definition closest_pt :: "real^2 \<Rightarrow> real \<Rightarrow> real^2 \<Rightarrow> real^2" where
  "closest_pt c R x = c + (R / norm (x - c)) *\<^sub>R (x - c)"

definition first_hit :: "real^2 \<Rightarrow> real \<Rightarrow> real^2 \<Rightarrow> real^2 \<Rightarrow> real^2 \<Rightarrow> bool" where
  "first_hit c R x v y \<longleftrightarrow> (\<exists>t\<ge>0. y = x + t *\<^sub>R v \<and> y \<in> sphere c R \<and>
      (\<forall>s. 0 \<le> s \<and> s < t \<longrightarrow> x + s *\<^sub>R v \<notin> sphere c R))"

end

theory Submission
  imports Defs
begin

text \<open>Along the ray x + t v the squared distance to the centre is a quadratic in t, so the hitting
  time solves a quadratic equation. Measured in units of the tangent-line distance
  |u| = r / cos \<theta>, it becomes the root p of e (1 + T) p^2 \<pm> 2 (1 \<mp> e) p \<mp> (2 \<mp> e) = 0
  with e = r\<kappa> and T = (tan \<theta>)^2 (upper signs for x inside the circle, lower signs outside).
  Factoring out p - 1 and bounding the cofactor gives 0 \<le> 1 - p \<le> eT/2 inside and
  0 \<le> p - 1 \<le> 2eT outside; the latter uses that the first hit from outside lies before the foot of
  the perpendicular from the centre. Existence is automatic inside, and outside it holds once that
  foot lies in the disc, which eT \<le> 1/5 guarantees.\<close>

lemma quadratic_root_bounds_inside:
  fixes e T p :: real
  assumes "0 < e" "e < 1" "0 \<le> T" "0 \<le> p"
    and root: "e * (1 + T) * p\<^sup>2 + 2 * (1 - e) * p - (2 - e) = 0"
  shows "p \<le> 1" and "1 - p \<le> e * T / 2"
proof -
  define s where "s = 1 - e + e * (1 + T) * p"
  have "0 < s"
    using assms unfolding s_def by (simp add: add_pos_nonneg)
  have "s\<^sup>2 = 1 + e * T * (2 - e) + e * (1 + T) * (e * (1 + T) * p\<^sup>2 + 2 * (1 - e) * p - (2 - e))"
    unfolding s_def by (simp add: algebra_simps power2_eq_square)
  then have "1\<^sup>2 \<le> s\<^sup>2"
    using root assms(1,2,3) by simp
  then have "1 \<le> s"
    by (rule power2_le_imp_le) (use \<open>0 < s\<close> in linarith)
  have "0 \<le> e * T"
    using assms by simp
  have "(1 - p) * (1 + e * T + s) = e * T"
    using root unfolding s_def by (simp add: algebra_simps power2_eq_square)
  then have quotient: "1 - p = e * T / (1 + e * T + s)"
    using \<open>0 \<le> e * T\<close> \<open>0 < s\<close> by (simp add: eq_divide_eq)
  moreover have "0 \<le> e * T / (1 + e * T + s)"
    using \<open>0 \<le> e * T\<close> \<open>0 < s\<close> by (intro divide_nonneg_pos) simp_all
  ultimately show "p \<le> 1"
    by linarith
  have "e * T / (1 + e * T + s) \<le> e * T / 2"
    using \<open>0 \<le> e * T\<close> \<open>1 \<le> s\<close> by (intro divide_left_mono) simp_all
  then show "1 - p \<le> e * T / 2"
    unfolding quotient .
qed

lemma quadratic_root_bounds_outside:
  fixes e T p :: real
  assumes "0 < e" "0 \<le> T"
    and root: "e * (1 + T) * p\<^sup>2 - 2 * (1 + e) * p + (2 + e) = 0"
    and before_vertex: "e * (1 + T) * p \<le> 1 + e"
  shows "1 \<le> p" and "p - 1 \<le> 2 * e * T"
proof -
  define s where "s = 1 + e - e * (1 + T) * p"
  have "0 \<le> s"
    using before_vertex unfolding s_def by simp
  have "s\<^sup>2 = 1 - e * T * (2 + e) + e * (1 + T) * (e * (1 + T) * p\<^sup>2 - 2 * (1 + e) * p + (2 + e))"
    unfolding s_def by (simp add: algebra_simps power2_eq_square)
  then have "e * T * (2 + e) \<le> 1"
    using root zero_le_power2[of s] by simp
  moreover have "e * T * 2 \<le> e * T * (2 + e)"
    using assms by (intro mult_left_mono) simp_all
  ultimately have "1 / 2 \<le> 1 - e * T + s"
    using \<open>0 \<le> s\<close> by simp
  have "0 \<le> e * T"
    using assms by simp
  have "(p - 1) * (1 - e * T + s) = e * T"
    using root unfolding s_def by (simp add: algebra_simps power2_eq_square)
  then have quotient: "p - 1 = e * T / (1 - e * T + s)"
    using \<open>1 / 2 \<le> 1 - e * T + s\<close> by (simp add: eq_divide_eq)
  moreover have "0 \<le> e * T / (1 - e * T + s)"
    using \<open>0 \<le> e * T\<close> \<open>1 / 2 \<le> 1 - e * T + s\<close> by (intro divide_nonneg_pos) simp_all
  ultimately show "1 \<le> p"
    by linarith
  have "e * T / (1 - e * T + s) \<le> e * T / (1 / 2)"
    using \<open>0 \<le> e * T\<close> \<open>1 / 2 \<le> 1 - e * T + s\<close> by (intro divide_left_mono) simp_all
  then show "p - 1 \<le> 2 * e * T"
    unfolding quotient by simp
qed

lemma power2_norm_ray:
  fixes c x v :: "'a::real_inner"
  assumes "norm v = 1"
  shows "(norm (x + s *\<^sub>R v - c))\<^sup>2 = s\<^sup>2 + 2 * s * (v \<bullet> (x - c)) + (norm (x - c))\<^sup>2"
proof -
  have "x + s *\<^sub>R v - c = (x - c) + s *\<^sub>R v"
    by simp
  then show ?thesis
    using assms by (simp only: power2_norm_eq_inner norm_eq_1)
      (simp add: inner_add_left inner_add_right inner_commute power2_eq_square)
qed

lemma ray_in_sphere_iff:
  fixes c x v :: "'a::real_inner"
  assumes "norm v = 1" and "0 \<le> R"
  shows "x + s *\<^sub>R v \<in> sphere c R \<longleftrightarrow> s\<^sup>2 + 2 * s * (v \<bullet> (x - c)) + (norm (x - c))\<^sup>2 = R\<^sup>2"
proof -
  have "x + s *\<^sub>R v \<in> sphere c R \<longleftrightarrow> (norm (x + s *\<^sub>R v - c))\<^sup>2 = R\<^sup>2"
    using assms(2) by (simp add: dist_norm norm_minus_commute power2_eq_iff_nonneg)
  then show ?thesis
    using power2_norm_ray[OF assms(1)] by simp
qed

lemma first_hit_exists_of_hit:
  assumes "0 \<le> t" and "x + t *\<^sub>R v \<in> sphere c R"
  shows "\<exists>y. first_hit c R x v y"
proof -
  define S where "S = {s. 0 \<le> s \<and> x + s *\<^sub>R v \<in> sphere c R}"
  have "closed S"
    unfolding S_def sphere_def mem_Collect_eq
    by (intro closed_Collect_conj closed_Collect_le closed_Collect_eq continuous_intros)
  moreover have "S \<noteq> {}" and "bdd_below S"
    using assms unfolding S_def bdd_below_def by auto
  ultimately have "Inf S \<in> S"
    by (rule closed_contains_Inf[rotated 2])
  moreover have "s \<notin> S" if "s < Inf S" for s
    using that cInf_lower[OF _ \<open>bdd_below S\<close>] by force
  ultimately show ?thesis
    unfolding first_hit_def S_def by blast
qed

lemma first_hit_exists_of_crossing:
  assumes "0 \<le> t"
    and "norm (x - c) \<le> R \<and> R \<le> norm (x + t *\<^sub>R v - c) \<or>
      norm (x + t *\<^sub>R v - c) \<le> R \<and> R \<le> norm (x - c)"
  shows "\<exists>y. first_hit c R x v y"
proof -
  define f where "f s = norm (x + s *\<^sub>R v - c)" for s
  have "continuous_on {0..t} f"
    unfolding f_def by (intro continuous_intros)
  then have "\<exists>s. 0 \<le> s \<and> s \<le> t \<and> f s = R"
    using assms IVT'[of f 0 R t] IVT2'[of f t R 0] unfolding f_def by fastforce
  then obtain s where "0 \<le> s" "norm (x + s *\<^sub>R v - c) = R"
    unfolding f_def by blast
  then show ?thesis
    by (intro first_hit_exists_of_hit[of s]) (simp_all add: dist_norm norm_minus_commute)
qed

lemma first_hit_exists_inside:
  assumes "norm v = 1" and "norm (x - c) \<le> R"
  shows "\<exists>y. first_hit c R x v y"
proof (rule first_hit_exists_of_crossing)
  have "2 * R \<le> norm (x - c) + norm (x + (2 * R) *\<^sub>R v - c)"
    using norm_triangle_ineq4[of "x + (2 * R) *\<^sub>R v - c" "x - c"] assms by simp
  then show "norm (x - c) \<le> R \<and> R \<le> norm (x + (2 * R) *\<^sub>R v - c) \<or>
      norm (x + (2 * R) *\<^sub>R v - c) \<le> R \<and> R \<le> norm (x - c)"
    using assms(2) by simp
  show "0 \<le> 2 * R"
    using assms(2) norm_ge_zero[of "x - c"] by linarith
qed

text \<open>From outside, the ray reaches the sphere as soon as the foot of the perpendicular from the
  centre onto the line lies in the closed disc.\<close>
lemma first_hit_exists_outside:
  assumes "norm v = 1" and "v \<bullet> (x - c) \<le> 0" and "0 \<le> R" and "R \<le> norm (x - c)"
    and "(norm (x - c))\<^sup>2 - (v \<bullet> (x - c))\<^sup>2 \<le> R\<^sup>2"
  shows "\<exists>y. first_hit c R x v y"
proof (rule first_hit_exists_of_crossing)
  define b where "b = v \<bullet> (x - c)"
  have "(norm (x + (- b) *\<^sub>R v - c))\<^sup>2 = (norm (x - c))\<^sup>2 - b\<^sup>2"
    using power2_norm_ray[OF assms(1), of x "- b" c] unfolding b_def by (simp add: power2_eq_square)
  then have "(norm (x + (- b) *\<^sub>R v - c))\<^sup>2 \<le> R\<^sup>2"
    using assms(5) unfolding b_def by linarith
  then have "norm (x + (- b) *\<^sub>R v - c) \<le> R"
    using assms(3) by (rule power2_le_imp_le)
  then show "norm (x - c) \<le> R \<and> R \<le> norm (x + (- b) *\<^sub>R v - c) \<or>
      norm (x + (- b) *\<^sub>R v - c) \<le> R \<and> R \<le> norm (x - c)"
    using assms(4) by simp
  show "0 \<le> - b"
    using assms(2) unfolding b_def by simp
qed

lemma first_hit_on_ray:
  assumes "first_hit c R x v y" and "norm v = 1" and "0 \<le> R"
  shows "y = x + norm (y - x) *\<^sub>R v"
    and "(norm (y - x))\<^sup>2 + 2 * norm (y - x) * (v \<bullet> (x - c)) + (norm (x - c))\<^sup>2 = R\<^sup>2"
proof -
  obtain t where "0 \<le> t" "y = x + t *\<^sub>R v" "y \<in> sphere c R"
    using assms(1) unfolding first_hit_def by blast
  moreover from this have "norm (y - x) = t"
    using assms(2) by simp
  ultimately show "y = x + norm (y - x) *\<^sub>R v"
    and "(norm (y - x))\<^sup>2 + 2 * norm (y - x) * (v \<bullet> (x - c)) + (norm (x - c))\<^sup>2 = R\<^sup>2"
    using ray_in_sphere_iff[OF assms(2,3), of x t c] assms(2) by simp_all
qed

################

- TASK TO COMPLETE: Go through the data above and return each line containing the string "perpendicular".

- EXERCISE RESPONSE:
  the perpendicular from the centre. Existence is automatic inside, and outside it holds once that
text \<open>From outside, the ray reaches the sphere as soon as the foot of the perpendicular from the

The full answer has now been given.